Ребенок на его руках заснул. Майкл улыбнулся, положил его обратно и пошёл в спальню, но вскоре остановился и вновь посмотрел на сына. Своего сына.
— Ты будешь одним из хороших ребят, потому что так много плохих. Просто… помни об этом, даже если ты не будешь помнить ничего другого. Этого будет достаточно.
Лорел Такашима.
Вот оно. Одно имя. Два слова. Вот оно.
Уэллс отступил на шаг от сооружения, известного как Стена Павших. Огромный чёрный обелиск, на котором запечатлено имя каждого солдата Вооруженных Сил Земли, погибшего от рук минбарцев. Так звучала теория. Более миллиона солдат погибли в одиночестве и их имена были неизвестны. Нет, Стена хранила только тех, кто погиб ради какой-либо цели, или тех, у кого были семьи, настоявшие на включение имён.
У Такашимы не было семьи, и не минбарцы убили её, но всё равно её имя было здесь. Уэллс настоял на этом.
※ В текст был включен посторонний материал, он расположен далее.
(* Fix $\lambda\in[0,1)$ and $p\in[0,1]$. There is a unique $\mathbf{v}^I\in\overline{\mathcal{V}}^\infty$ with $\mathbf{F}_i(\mathbf{v}^I)=0$ for all $i\ge 1$. Writing $\mathbf{s}^I_i=\mathbf{v}^I_i-\mathbf{v}^I_{i+1}$ for $i\ge0$, it is given as follows. (1) If $p=0$, then $\mathbf{s}^I_i=\lambda^i$ for all $i\ge1$. (2) If $p\ge\lambda$, then $\mathbf{s}^I_i=0$ for all $i\ge1$. (3) If $0<p<\lambda$ and $\lambda=1-p$, then $\mathbf{s}^I_i=1-\frac{p}{1-p}\,i$ for $1\le i\le \tilde i^*(p,\lambda)$ and $\mathbf{s}^I_i=0$ for $i>\tilde i^*(p,\lambda)$, where $\tilde i^*(p,\lambda)=\lfloor \frac{1-p}{p}\rfloor$. (4) If $0<p<\lambda$ and $\lambda\ne 1-p$, then $\mathbf{s}^I_i=\frac{1-\lambda}{1-(p+\lambda)}\left(\frac{\lambda}{1-p}\right)^i-\frac{p}{1-(p+\lambda)}$ for $1\le i\le i^*(p,\lambda)$ and $\mathbf{s}^I_i=0$ for $i>i^*(p,\lambda)$, where $i^*(p,\lambda)=\left\lfloor \log_{\frac{\lambda}{1-p}}\frac{p}{1-\lambda}\right\rfloor$.
   Context: $\mathbb{Z}_+=\{0,1,2,\dots\}$. Let $\mathcal{S}=\{\mathbf{s}\in[0,1]^{\mathbb{Z}_+}:1=\mathbf{s}_0\ge\mathbf{s}_1\ge\cdots\ge0\}$, $\overline{\mathcal{S}}^\infty=\{\mathbf{s}\in\mathcal{S}:\sum_{i\ge1}\mathbf{s}_i<\infty\}$, and $\overline{\mathcal{V}}^\infty=\{\mathbf{v}\in\mathbb{R}^{\mathbb{Z}_+}:\mathbf{v}_i=\sum_{j\ge i}\mathbf{s}_j \text{ for all } i, \text{ for some } \mathbf{s}\in\overline{\mathcal{S}}^\infty\}$. For $\mathbf{v}\in\overline{\mathcal{V}}^\infty$ and $i\ge1$ define the drift $\mathbf{F}_i(\mathbf{v})=\lambda(\mathbf{v}_{i-1}-\mathbf{v}_i)-(1-p)(\mathbf{v}_i-\mathbf{v}_{i+1})-g_i(\mathbf{v})$, where $g_i(\mathbf{v})=p$ if $\mathbf{v}_i>0$; $g_i(\mathbf{v})=\min\{\lambda\mathbf{v}_{i-1},p\}$ if $\mathbf{v}_i=0,\mathbf{v}_{i-1}>0$; and $g_i(\mathbf{v})=0$ if $\mathbf{v}_i=\mathbf{v}_{i-1}=0$. *)

theory Defs
  imports Complex_Main
begin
Это было опасно, так как таким образом он связывал себя с нею, но Кларк и так уже не доверяет ему, как и Шеридан.
Ещё одна смерть. Пешка в игре, которую она никогда не могла понять. Бестер не будет, конечно, сожалеть о ней. Он ушёл. Давно. Такашима была пешкой Бестера, но в то же время Уэллс помог ему с этой идеей.
Много смертей. Слишком много смертей.
— И будет ещё больше, — пробормотал про себя Уэллс. Будет гораздо больше.
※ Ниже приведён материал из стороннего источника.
lemma face_eq_common_nearest:
  fixes M :: "real^'e::finite^'r::finite"
  assumes TU: "totally_unimodular M" and F: "F face_of voronoi_cell M 0" and x: "x \<in> rel_interior F"
  shows "F = {y \<in> voronoi_cell M 0. face_flows M F \<subseteq> nearest_flows M y}"
proof
  have FV: "F \<subseteq> voronoi_cell M 0" using F face_of_imp_subset by blast
  show "F \<subseteq> {y \<in> voronoi_cell M 0. face_flows M F \<subseteq> nearest_flows M y}"
    using FV by (auto simp: face_flows_def nearest_flows_def)
  show "{y \<in> voronoi_cell M 0. face_flows M F \<subseteq> nearest_flows M y} \<subseteq> F"
  proof (safe)
    fix y assume yV: "y \<in> voronoi_cell M 0" and N: "face_flows M F \<subseteq> nearest_flows M y"
    have xF: "x \<in> F" using x rel_interior_subset by blast
    hence xV: "x \<in> voronoi_cell M 0" using FV by blast
    obtain r where r: "r > 0" and near: "\<And>z. z \<in> real_flows M \<Longrightarrow> dist z x < r \<Longrightarrow>
        \<forall>l\<in>nearest_flows M x. dist_excess z l = 0 \<Longrightarrow> z \<in> voronoi_cell M 0"
      using voronoi_cell_locally_determined[OF TU xV] by blast
    show "y \<in> F"
    proof (cases "y = x")
      case False
      \<comment> \<open>prolong the segment from y through x slightly beyond x, staying in the cell\<close>
      define t where "t = r / (2 * norm (x - y))"
      define z where "z = (1 + t) *\<^sub>R x + (- t) *\<^sub>R y"
      have t: "t > 0" using r False by (simp add: t_def)
      have "z - x = t *\<^sub>R (x - y)" by (simp add: z_def algebra_simps)
      hence "dist z x = t * norm (x - y)" using t by (simp add: dist_norm)
      also have "\<dots> < r" using r False by (simp add: t_def)
      finally have "dist z x < r" .
      have "z \<in> real_flows M"
        using xV yV unfolding z_def voronoi_cell_zero_iff
        by (simp add: real_flows_def matrix_vector_right_distrib matrix_vector_mult_scaleR del: scaleR_minus_left)
      moreover have "\<forall>l\<in>nearest_flows M x. dist_excess z l = 0"
        using N face_flows_eq_nearest_flows[OF F x] dist_excess_affine[of "1 + t" "- t" x y]
        by (auto simp: z_def nearest_flows_def)
      ultimately have "z \<in> voronoi_cell M 0" using near \<open>dist z x < r\<close> by blast
      moreover have "x \<in> open_segment z y"
        unfolding z_def using t False by (intro in_open_segment_extension) auto
      ultimately show ?thesis using F yV xF unfolding face_of_def by blast
    qed (use xF in simp)
  qed
qed


lemma dim_orthogonal_flows:
  fixes M :: "real^'e::finite^'r::finite"
  assumes "span N \<subseteq> real_flows M"
  shows "dim {v \<in> real_flows M. \<forall>l\<in>N. inner v l = 0} + dim (span N) = genus M"
proof -
  have "{v \<in> real_flows M. \<forall>l\<in>span N. real_inner_class.orthogonal l v} =
        {v \<in> real_flows M. \<forall>l\<in>N. inner v l = 0}"
  proof (intro Collect_cong conj_cong refl iffI ballI)
    fix v l assume "\<forall>l\<in>span N. real_inner_class.orthogonal l v" "l \<in> N"
    thus "inner v l = 0" using span_base by (force simp: real_inner_class.orthogonal_def inner_commute)
  next
    fix v l assume "\<forall>l\<in>N. inner v l = 0" "l \<in> span N"
    thus "real_inner_class.orthogonal l v"
      using orthogonal_to_span[of l N v] by (simp add: real_inner_class.orthogonal_def inner_commute)
  qed
  thus ?thesis
    using dim_subspace_orthogonal_to_vectors[OF subspace_span subspace_real_flows assms]
    by (simp add: genus_def)
qed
— Мы вернули нашу базу! — торжествующе объявил советник Ка'Мак. — Квадрант 37 снова наш.
Возможно, он ожидал что-нибудь, похожее на крики восторга, ликования или… нечто подобное. Но он не получил ничего.
— Мы поражены, Ка'Мак, — ответила советник На'Тот с выражением крайней скуки на лице. — Мы получили то, что потеряли. Скажите мне… не является ли эта война ещё более бессмысленной, чем предыдущая?
— Конечно же нет, — резко возразил советник Х'Кло. Все разговоры в Совете прекратились, и не из-за того, что слова советника отличались особой мудростью, вовсе нет, а потому, что в голосе молодого советника звучали ярость, тьма и страшная, неприкрытая сила. — Неужели никто из вас не видит… Почему мы воюем? Потому что наши отцы воевали, и их отцы до этого…
— Совершенно верно, — подхватил Ка'Мак. — Можем ли мы игнорировать их жертвы… всё, что было сделано для нас?
— И как же мы должны выразить им наше уважение? Бросая самих себя на тот же жертвенник, что отнял их жизни? В то время как истинный враг прячется в тени, выжидая?